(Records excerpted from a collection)
___
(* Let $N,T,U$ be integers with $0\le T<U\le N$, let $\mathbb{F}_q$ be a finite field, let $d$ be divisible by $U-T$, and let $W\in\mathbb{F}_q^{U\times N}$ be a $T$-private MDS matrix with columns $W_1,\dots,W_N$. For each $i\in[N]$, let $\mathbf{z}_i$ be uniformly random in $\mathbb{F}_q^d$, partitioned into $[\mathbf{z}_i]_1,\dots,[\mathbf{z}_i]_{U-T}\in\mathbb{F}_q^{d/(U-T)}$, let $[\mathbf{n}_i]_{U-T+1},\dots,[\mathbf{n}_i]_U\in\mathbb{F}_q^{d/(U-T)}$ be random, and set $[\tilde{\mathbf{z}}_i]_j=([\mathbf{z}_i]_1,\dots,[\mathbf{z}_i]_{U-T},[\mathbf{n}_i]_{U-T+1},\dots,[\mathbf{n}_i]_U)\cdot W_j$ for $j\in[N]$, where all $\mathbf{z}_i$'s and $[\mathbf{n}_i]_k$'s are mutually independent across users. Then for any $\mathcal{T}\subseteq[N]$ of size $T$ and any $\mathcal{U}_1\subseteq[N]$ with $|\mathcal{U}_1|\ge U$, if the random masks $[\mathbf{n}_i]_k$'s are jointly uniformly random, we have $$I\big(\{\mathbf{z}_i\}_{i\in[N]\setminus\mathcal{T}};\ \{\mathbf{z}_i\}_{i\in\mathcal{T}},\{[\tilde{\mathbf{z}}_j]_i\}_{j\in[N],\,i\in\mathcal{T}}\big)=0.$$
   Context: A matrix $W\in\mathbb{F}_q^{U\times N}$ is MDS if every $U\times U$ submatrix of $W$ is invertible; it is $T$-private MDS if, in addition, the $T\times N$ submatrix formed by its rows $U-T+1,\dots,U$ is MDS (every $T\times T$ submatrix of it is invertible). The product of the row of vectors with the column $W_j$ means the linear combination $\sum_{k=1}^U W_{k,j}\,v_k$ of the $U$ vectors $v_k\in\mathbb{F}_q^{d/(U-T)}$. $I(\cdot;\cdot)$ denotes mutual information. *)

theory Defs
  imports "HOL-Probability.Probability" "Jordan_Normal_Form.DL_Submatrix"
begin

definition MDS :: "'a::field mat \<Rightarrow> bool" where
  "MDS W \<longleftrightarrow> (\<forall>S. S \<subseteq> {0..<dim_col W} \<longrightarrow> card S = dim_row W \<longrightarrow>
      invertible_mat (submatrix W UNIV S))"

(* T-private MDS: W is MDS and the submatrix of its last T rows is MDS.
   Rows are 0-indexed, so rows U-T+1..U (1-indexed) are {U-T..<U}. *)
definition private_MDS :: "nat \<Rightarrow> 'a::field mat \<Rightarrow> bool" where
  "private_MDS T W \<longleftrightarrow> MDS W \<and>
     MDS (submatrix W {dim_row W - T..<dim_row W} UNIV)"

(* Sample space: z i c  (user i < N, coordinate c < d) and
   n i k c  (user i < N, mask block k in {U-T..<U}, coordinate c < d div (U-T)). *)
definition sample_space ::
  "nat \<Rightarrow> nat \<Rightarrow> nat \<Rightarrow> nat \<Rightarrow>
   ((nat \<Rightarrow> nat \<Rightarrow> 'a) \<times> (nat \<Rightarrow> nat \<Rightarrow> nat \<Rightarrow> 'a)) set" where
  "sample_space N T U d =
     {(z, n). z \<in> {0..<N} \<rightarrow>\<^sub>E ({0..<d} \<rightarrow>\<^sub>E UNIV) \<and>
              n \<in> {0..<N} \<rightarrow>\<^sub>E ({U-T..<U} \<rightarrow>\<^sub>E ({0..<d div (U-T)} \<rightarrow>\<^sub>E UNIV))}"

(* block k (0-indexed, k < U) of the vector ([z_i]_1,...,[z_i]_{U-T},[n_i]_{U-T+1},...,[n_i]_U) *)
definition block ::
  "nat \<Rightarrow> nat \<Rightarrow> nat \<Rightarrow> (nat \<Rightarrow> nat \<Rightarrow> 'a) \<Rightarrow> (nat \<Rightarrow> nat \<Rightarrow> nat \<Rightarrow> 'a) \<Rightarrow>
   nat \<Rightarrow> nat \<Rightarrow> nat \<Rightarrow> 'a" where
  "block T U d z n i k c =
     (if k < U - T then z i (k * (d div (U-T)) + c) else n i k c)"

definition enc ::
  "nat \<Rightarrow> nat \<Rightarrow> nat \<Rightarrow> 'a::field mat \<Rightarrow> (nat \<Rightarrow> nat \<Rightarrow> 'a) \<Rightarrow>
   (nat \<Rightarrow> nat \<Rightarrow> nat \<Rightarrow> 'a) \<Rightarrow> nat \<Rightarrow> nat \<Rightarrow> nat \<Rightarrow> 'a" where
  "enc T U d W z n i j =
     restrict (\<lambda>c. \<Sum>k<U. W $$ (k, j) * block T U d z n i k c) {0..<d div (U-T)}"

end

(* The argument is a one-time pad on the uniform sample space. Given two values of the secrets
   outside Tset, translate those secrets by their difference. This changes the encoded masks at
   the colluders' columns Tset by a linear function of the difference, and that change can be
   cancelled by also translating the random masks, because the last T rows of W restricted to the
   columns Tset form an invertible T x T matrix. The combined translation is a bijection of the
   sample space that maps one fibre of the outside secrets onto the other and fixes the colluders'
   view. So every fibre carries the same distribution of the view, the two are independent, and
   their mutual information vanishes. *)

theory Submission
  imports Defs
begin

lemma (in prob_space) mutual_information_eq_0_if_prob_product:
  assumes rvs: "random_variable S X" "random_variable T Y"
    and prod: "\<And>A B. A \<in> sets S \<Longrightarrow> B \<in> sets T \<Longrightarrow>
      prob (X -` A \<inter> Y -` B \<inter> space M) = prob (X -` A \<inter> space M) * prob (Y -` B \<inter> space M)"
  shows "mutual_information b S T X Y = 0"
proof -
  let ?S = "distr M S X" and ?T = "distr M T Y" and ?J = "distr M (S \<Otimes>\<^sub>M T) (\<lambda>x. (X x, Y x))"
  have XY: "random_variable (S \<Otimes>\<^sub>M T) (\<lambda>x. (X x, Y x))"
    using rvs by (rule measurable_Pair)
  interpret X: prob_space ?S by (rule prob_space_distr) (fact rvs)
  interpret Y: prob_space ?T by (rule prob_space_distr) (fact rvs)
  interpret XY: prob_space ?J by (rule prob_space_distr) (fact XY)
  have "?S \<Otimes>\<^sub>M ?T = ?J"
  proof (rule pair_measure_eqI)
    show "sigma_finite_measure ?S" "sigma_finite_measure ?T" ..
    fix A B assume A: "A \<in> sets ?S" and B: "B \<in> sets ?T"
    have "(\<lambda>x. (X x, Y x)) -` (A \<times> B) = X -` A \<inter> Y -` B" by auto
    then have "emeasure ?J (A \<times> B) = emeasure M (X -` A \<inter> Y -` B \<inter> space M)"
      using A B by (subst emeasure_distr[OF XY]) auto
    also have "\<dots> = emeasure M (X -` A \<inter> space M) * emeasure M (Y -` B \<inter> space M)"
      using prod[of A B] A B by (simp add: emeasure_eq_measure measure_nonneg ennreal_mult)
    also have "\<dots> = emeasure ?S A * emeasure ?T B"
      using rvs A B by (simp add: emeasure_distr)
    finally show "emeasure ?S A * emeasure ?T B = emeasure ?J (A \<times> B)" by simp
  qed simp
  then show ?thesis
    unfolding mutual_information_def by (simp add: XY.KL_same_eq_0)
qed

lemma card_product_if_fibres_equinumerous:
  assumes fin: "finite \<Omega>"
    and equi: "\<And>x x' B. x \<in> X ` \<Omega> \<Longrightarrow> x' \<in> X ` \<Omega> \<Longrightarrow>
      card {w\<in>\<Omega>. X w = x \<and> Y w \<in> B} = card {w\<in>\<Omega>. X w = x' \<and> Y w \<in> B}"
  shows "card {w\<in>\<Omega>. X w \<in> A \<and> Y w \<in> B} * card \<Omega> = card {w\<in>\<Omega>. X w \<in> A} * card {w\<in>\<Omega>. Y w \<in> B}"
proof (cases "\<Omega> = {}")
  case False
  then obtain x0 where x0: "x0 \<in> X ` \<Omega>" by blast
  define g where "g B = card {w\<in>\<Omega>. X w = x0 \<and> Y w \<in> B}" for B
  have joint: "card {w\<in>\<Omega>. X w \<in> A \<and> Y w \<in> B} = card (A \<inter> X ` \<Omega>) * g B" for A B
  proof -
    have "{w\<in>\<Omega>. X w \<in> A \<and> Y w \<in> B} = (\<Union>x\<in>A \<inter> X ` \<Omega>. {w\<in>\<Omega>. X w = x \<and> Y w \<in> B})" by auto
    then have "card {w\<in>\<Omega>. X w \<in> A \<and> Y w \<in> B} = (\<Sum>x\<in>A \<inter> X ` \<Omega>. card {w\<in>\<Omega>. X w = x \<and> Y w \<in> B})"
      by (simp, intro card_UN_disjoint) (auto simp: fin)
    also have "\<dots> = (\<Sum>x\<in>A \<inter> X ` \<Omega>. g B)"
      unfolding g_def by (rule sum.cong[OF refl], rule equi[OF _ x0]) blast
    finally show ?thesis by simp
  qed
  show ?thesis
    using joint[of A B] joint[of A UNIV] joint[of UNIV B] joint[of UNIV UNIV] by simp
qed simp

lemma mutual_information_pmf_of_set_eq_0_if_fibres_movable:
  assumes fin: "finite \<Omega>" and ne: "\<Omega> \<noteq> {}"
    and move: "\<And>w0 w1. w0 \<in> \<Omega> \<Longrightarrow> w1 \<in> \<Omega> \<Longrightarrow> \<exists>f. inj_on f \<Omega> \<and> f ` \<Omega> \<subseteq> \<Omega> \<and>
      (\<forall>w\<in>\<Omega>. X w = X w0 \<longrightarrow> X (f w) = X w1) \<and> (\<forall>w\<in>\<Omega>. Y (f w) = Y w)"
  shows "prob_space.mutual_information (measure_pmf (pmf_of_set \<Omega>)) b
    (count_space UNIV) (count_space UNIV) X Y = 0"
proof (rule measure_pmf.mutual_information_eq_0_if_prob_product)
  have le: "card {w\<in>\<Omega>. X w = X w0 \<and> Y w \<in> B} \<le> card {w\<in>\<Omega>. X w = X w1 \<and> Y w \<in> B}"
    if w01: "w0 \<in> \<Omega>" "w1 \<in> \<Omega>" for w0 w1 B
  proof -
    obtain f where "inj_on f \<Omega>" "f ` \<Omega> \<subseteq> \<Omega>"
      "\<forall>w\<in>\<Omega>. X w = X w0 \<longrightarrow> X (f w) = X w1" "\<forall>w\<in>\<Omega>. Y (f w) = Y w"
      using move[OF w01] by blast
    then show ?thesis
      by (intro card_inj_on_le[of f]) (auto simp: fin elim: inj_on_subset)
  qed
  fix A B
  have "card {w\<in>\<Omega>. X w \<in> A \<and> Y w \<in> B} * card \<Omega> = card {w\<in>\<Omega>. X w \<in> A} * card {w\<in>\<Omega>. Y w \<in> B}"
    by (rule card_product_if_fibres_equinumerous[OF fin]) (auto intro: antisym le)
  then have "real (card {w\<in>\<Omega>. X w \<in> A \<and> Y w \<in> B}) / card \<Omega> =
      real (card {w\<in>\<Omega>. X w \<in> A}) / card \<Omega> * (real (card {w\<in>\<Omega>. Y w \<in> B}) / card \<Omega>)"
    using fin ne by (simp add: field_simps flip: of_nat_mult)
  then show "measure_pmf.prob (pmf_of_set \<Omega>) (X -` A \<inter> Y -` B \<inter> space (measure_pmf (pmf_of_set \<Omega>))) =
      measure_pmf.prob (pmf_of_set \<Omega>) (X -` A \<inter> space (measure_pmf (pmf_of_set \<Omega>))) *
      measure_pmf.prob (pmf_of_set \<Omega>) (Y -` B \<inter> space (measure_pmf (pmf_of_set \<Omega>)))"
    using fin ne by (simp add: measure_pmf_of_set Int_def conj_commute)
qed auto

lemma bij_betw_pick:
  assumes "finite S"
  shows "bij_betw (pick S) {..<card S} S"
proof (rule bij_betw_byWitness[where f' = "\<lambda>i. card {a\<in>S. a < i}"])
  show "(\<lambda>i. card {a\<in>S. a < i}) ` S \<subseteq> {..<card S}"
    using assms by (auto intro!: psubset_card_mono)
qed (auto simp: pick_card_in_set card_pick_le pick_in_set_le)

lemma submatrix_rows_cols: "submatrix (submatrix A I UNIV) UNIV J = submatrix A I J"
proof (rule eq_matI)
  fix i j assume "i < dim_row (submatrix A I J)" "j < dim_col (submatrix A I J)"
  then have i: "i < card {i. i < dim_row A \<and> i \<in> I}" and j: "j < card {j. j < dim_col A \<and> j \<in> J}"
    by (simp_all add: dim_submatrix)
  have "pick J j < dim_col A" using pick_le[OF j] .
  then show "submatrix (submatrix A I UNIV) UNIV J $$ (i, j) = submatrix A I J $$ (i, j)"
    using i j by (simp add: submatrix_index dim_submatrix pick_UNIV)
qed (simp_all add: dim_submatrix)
___
§ EXERCISE GOAL
Whenever a line above has the word "rule" in it, copy that line.

§ TASK OUTPUT
    using rvs by (rule measurable_Pair)
  interpret X: prob_space ?S by (rule prob_space_distr) (fact rvs)
  interpret Y: prob_space ?T by (rule prob_space_distr) (fact rvs)
  interpret XY: prob_space ?J by (rule prob_space_distr) (fact XY)
  proof (rule pair_measure_eqI)
      unfolding g_def by (rule sum.cong[OF refl], rule equi[OF _ x0]) blast
proof (rule measure_pmf.mutual_information_eq_0_if_prob_product)
    by (rule card_product_if_fibres_equinumerous[OF fin]) (auto intro: antisym le)
proof (rule bij_betw_byWitness[where f' = "\<lambda>i. card {a\<in>S. a < i}"])
proof (rule eq_matI)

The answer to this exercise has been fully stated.